— INSTRUCTIONS FOR THE TASK —
Across the listing below, state how many lines hold the string "True"; write nothing but that number.
================================
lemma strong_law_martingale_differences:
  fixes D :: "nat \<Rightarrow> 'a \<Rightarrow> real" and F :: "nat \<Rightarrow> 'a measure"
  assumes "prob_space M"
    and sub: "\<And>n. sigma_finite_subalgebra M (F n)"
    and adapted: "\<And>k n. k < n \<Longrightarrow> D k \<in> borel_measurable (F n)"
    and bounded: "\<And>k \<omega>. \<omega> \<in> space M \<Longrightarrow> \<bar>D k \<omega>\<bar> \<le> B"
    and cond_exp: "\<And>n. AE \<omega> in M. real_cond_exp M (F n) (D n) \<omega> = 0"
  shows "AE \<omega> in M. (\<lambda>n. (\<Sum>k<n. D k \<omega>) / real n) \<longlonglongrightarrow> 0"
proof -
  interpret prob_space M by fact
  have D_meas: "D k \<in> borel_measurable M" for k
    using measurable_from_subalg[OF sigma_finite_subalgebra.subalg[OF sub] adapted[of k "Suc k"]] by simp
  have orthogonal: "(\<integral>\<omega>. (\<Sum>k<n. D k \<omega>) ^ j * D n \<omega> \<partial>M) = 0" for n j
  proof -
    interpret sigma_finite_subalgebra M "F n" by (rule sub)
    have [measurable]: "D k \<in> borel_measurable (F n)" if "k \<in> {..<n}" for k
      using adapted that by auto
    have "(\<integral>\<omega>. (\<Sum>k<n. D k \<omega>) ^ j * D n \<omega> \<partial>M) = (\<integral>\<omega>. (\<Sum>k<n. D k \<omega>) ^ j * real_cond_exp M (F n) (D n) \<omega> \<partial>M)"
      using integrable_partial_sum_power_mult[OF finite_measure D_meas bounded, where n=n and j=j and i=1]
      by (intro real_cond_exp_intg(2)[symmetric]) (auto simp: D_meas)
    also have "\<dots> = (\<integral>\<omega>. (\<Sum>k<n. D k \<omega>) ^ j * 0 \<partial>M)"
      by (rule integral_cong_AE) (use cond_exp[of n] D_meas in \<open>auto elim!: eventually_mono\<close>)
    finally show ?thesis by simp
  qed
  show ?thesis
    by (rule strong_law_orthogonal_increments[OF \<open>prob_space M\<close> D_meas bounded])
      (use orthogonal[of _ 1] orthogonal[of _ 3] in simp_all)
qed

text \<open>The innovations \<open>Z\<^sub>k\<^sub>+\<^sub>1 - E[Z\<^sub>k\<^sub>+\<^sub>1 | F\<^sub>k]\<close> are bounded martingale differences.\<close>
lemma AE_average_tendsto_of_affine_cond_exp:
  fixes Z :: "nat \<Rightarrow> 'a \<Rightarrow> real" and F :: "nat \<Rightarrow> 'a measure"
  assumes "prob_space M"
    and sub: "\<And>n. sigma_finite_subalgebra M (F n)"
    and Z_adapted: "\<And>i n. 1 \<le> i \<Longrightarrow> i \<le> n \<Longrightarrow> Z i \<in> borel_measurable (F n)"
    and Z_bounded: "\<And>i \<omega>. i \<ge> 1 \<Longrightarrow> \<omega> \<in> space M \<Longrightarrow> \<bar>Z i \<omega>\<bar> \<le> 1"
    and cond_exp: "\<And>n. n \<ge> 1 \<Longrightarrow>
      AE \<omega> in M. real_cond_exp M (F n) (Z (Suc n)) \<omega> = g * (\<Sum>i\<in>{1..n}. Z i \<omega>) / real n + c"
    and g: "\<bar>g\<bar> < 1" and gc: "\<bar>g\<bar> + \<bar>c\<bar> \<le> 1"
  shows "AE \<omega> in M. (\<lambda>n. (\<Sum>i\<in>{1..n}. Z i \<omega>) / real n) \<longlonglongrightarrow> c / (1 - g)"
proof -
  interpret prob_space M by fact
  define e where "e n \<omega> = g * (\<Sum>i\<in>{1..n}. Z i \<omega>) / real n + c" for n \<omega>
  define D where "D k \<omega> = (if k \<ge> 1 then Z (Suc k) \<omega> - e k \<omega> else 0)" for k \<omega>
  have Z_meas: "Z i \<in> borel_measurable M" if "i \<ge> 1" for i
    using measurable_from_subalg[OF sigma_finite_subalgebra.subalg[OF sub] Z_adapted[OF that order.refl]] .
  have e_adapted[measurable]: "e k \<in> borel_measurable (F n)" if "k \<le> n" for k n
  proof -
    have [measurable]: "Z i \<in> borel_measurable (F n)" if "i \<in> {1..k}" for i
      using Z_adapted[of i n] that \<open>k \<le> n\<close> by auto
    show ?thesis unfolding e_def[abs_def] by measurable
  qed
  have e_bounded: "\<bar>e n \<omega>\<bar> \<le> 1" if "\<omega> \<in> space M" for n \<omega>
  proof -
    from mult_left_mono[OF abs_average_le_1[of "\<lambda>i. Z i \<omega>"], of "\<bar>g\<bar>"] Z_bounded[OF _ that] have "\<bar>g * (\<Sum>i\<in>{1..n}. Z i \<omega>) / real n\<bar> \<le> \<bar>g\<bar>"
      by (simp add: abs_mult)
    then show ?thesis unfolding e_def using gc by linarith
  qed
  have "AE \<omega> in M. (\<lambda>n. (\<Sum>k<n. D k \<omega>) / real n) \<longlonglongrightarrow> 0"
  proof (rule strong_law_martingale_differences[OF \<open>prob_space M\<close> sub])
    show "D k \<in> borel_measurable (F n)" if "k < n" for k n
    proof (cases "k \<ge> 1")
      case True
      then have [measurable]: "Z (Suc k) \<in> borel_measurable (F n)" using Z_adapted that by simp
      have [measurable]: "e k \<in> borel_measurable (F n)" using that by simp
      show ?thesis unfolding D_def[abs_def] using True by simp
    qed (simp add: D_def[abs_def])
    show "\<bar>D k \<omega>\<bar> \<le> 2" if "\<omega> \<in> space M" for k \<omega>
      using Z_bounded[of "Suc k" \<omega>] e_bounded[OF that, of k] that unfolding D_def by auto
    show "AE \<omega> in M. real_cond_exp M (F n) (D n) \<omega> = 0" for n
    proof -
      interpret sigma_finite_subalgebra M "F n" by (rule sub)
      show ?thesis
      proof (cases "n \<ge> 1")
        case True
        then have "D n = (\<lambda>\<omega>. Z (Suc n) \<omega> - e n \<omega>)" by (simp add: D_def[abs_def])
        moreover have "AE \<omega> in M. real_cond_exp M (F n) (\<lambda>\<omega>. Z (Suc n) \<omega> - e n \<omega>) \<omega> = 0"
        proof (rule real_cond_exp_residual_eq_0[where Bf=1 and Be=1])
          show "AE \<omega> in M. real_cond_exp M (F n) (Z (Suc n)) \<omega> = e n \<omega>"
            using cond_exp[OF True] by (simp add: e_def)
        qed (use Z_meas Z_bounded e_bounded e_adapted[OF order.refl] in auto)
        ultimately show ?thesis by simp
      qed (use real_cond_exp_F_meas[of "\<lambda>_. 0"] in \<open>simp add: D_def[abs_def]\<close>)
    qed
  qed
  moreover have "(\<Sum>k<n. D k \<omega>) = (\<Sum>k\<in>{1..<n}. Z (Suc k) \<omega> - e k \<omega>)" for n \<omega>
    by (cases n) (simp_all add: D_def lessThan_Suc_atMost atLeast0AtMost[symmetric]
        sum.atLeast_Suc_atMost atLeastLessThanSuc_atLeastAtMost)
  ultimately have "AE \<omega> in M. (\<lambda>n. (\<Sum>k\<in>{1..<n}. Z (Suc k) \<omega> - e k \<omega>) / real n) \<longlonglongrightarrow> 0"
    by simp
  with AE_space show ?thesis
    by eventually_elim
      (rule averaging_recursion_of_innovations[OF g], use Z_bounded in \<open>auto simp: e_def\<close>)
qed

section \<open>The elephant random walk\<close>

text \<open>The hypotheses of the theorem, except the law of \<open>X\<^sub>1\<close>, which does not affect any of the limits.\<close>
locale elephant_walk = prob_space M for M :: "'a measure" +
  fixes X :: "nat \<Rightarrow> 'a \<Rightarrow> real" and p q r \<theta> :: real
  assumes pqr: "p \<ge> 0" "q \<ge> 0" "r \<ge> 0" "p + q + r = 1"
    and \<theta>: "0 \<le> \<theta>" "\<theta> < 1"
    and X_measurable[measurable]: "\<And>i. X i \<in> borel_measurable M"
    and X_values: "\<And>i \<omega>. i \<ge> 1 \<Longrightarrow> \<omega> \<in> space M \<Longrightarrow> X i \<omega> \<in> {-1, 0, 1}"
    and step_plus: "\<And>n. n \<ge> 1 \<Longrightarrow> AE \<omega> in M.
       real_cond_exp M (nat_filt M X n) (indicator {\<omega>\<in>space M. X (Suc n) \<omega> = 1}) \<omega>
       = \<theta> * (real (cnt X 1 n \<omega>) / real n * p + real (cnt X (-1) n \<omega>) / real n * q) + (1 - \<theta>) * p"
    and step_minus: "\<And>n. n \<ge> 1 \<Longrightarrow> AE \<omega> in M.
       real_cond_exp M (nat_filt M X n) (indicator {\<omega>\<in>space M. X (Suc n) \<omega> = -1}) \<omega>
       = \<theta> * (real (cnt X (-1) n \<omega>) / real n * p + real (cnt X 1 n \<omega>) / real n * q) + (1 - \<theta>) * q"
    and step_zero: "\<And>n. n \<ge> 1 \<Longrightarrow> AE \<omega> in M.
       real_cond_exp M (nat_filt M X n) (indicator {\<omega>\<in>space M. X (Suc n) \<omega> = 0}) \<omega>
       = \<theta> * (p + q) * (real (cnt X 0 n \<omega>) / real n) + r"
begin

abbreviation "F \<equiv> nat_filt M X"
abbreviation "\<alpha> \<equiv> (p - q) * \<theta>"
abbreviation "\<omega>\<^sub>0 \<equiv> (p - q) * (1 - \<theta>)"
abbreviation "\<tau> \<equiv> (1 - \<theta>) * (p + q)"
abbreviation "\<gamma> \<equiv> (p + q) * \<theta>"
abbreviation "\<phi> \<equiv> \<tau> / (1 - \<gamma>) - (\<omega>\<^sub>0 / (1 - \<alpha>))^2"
================================
— ANSWER TO THE EXERCISE —
4